Residual vascular inflammation after statin therapy as a predictor of CV events

By Rebecca Jenkins

Residual vascular inflammation levels after statin therapy better predict future cardiovascular (CV) events and death than residual cholesterol levels, an analysis finds.

Previous epidemiological studies in patients not receiving treatment had shown that inflammation and hyperlipidaemia made a similarly important contribution to future CV risk, researchers wrote in The Lancet.

To understand the relative importance of residual inflammatory risk compared with residual cholesterol risk after statin therapy, they conducted a collaborative analysis of 31,245 patients with, or at high risk of, atherosclerotic disease who were receiving statins and had participated in either the PROMINENT, REDUCE-IT or STRENGTH trials.

In all three trials and in the meta-analysis, residual high-sensitivity C-reactive protein (hsCRP) was a stronger predictor of incident major CV events, CV death and all-cause death than residual cholesterol risk.

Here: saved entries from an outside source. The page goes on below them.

lemma shift_mem_iff [simp]: "x \<in> shift X c \<longleftrightarrow> x - c \<in> X"
  by (force simp: shift_def image_iff)

lemma card_shift [simp]: "card (shift X c) = card X"
  unfolding shift_def by (rule card_image) (simp add: inj_on_def)

lemma finite_shift [simp]: "finite (shift X c) \<longleftrightarrow> finite X"
  unfolding shift_def by (rule finite_image_iff) (simp add: inj_on_def)

lemma finite_free_cols [simp]: "finite (free_cols a k J)"
  by (simp add: free_cols_def)

lemma finite_Tidx: "finite (Tidx a b)"
  by (rule finite_subset[of _ "Pow {-b..a-1}"]) (auto simp: Tidx_def)

lemma Tidx_memberD:
  assumes "L \<in> Tidx a b"
  shows "finite L" and "card L = nat a" and "\<And>x. x \<in> L \<Longrightarrow> -b \<le> x \<and> x \<le> a - 1"
  using assms by (auto simp: Tidx_def intro: finite_subset)

locale banded_weights =
  fixes \<omega> :: "int \<Rightarrow> 'a::field_char_0" and a b :: int
  assumes a_pos: "1 \<le> a" and b_pos: "1 \<le> b"
    and weight_vanishes: "\<And>s. s < -b \<or> a < s \<Longrightarrow> \<omega> s = 0"
begin

lemma beta_vanishes: "s < -b \<or> a < s \<Longrightarrow> beta \<omega> s = 0"
  using a_pos b_pos weight_vanishes[of s] by (auto simp: beta_def)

Patients with higher levels of hsCRP (highest quartile  vs lowest quartile) had a significantly increased risk of major adverse CV events (hazard ratio [HR], 1.31), CV mortality (HR, 2.68) and  all-cause mortality (HR, 2.42).

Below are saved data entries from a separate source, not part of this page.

(* Let $I=\{1,\dots,m\}$, $J=\{1,\dots,n\}$, let $b\in\mathbb{R}^m$, let $\hat{x}\in\mathbb{R}^n$ with $\hat{x}\neq 0$, let $\hat{a}_i\in\mathbb{R}^n$ ($i\in I$) be given prior vectors, let $\xi\in\mathbb{R}^m$ be a vector of real-valued weights, and let $\|\cdot\|$ be a norm on $\mathbb{R}^n$. Consider the problem NLO-SD: \[ \min_{A,c,\pi}\ \sum_{i\in I}\xi_i\|a_i-\hat{a}_i\| \] subject to $\sum_{j\in J}c_j\hat{x}_j-\sum_{i\in I}b_i\pi_i=0$; $\sum_{j\in J}a_{ij}\hat{x}_j\ge b_i$ for all $i\in I$; $\sum_{i\in I}\pi_i=1$; $\sum_{i\in I}a_{ij}\pi_i=c_j$ for all $j\in J$; $\pi_i\ge0$ for all $i\in I$. Let $\|\hat{x}\|^*=\max_{\|v\|=1}\hat{x}^\top v$ be the dual norm and let $v(\hat{x})\in\arg\max_{\|v\|=1}\hat{x}^\top v$. For each $i\in I$ define \[ f_i=\frac{\xi_i|\hat{a}_i^\top\hat{x}-b_i|}{\|\hat{x}\|^*},\qquad a^f_i=\hat{a}_i-\frac{\hat{a}_i^\top\hat{x}-b_i}{\|\hat{x}\|^*}v(\hat{x}), \] $g_i=f_i$ and $a^g_i=a^f_i$ if $\hat{a}_i^\top\hat{x}<b_i$, and $g_i=0$ and $a^g_i=\hat{a}_i$ otherwise. Let $i^*\in\arg\min_{i\in I}\{f_i-g_i\}$. Then the optimal value of NLO-SD is $f_{i^*}+\sum_{i\in I\setminus\{i^*\}}g_i$, and an optimal solution $(A,c,\pi)$ is given by $a_{i^*}=a^f_{i^*}$, $a_i=a^g_i$ for $i\in I\setminus\{i^*\}$, $c=a_{i^*}$, $\pi=e_{i^*}$. Moreover, if $b_i\neq0$ and $\hat{a}_i\neq0$ for all $i\in I$, then this solution satisfies $c\neq0$ and $a_i\neq0$ for all $i\in I$.
   Context: $a_i$ denotes the $i$-th row of $A=(a_{ij})\in\mathbb{R}^{m\times n}$, $c\in\mathbb{R}^n$, $\pi\in\mathbb{R}^m$, and $e_i$ denotes the $i$-th unit vector of $\mathbb{R}^m$. *)

theory Defs
  imports "HOL-Analysis.Analysis"
begin

definition is_norm :: "(real^'n \<Rightarrow> real) \<Rightarrow> bool" where
  "is_norm N \<longleftrightarrow> (\<forall>x. N x = 0 \<longleftrightarrow> x = 0) \<and> (\<forall>t x. N (t *\<^sub>R x) = \<bar>t\<bar> * N x)
     \<and> (\<forall>x y. N (x + y) \<le> N x + N y)"

definition dual_norm :: "(real^'n \<Rightarrow> real) \<Rightarrow> real^'n \<Rightarrow> real" where
  "dual_norm N x = Sup ((\<lambda>v. x \<bullet> v) ` {v. N v = 1})"

definition nlo_sd_feasible ::
  "real^'m \<Rightarrow> real^'n \<Rightarrow> real^'n^'m \<Rightarrow> real^'n \<Rightarrow> real^'m \<Rightarrow> bool" where
  "nlo_sd_feasible b xh A c \<pi> \<longleftrightarrow>
     (\<Sum>j\<in>UNIV. c$j * xh$j) - (\<Sum>i\<in>UNIV. b$i * \<pi>$i) = 0
   \<and> (\<forall>i. (\<Sum>j\<in>UNIV. A$i$j * xh$j) \<ge> b$i)
   \<and> (\<Sum>i\<in>UNIV. \<pi>$i) = 1
   \<and> (\<forall>j. (\<Sum>i\<in>UNIV. A$i$j * \<pi>$i) = c$j)
   \<and> (\<forall>i. \<pi>$i \<ge> 0)"

definition nlo_sd_obj ::
  "real^'m \<Rightarrow> (real^'n \<Rightarrow> real) \<Rightarrow> real^'n^'m \<Rightarrow> real^'n^'m \<Rightarrow> real" where
  "nlo_sd_obj \<xi> N ah A = (\<Sum>i\<in>UNIV. \<xi>$i * N (A$i - ah$i))"

definition f_val :: "real^'m \<Rightarrow> (real^'n \<Rightarrow> real) \<Rightarrow> real^'m \<Rightarrow> real^'n \<Rightarrow> real^'n^'m \<Rightarrow> 'm \<Rightarrow> real" where
  "f_val \<xi> N b xh ah i = \<xi>$i * \<bar>ah$i \<bullet> xh - b$i\<bar> / dual_norm N xh"

definition a_f :: "(real^'n \<Rightarrow> real) \<Rightarrow> real^'m \<Rightarrow> real^'n \<Rightarrow> real^'n^'m \<Rightarrow> real^'n \<Rightarrow> 'm \<Rightarrow> real^'n" where
  "a_f N b xh ah v i = ah$i - ((ah$i \<bullet> xh - b$i) / dual_norm N xh) *\<^sub>R v"

definition g_val :: "real^'m \<Rightarrow> (real^'n \<Rightarrow> real) \<Rightarrow> real^'m \<Rightarrow> real^'n \<Rightarrow> real^'n^'m \<Rightarrow> 'm \<Rightarrow> real" where
  "g_val \<xi> N b xh ah i = (if ah$i \<bullet> xh < b$i then f_val \<xi> N b xh ah i else 0)"

definition a_g :: "(real^'n \<Rightarrow> real) \<Rightarrow> real^'m \<Rightarrow> real^'n \<Rightarrow> real^'n^'m \<Rightarrow> real^'n \<Rightarrow> 'm \<Rightarrow> real^'n" where
  "a_g N b xh ah v i = (if ah$i \<bullet> xh < b$i then a_f N b xh ah v i else ah$i)"

end

theory Submission imports Defs begin

text \<open>The dual norm inequality \<open>\<bar>xh \<bullet> w\<bar> \<le> dual_norm N xh * N w\<close> shows that moving the prior
  row \<open>ah$i\<close> onto the hyperplane \<open>a \<bullet> xh = b$i\<close> costs at least \<open>f\<^sub>i\<close>, and into the half-space
  \<open>a \<bullet> xh \<ge> b$i\<close> at least \<open>g\<^sub>i\<close>; moving along the maximiser \<open>v\<close> attains both bounds.
  For feasible \<open>(A, c, \<pi>)\<close> the constraints give \<open>\<Sum>i. \<pi>$i * (A$i \<bullet> xh - b$i) = 0\<close> with
  nonnegative terms, so some row \<open>k\<close> lies on its hyperplane and the objective is at least
  \<open>f\<^sub>k + \<Sum>i\<noteq>k. g\<^sub>i\<close>, which is smallest for \<open>k = istar\<close>. Conversely the unit weight
  \<open>\<pi>\<close> at \<open>istar\<close> with \<open>c = A$istar\<close> makes the row-wise optimal choice feasible.\<close>

lemma is_normD:
  assumes "is_norm N"
  shows is_norm_eq_0_iff: "N x = 0 \<longleftrightarrow> x = 0"
    and is_norm_scaleR: "N (t *\<^sub>R x) = \<bar>t\<bar> * N x"
    and is_norm_triangle: "N (x + y) \<le> N x + N y"
  using assms unfolding is_norm_def by auto

lemma is_norm_zero: "is_norm N \<Longrightarrow> N 0 = 0"
  by (simp add: is_norm_eq_0_iff)

lemma is_norm_minus: "is_norm N \<Longrightarrow> N (- x) = N x"
  using is_norm_scaleR[of N "-1" x] by simp

lemma is_norm_nonneg:
  assumes "is_norm N"
  shows "0 \<le> N x"
proof -
  have "N (x + - x) \<le> N x + N (- x)" by (rule is_norm_triangle[OF assms])
  then show ?thesis by (simp add: is_norm_zero is_norm_minus assms)
qed

lemma is_norm_pos: "is_norm N \<Longrightarrow> x \<noteq> 0 \<Longrightarrow> 0 < N x"
  using is_norm_nonneg is_norm_eq_0_iff by (metis order_le_less)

By contrast, the relationship of residual cholesterol risk (as measured by LDL  cholesterol) was neutral  for major adverse CV events and of low magnitude for CV death (HR, 1.27) and all-cause death (HR, 1.16), researchers said.

‘These data have implications for the selection of adjunctive treatments beyond statin therapy and suggest that combined use of aggressive lipid- lowering and inflammation-inhibiting therapies might be needed to further reduce atherosclerotic risk,’ the researchers concluded.

Professor Leon Simons, Director of the Lipid Research Department at Sydney’s St Vincent’s Hospital and Associate Professor of Medicine at UNSW Sydney, welcomed the study but urged caution in interpreting the results given the differing patient characteristics in the studies.

‘In one study, 100% of subjects were diabetic, whereas 58% and 70% were diabetic in the other two studies’, he told Medicine Today.

‘The proportions receiving intensive statin therapy varied from 31% to 50% and 72%. While the findings might have been consistent from study to study, these major differences leave me wondering whether the  overall findings are truly generalisable.’

Professor Simons said there has long been an interest in using anti-inflammatory agents for CVD prevention, but the picture remained mixed, with further research needed to clarify the role of adjunctive anti-inflammatory therapy and the ideal agents.

‘Studies with colchicine from Western Australia have been positive and yet the treatment has not caught on. In addition, administration  of conventional anti-inflammatory drugs (e.g. NSAIDs, COX-2 inhibitors) has been shown to increase CVD risk,’ he said.

Lancet 2023; doi.org/10.1016/S0140-6736(23)00215-5.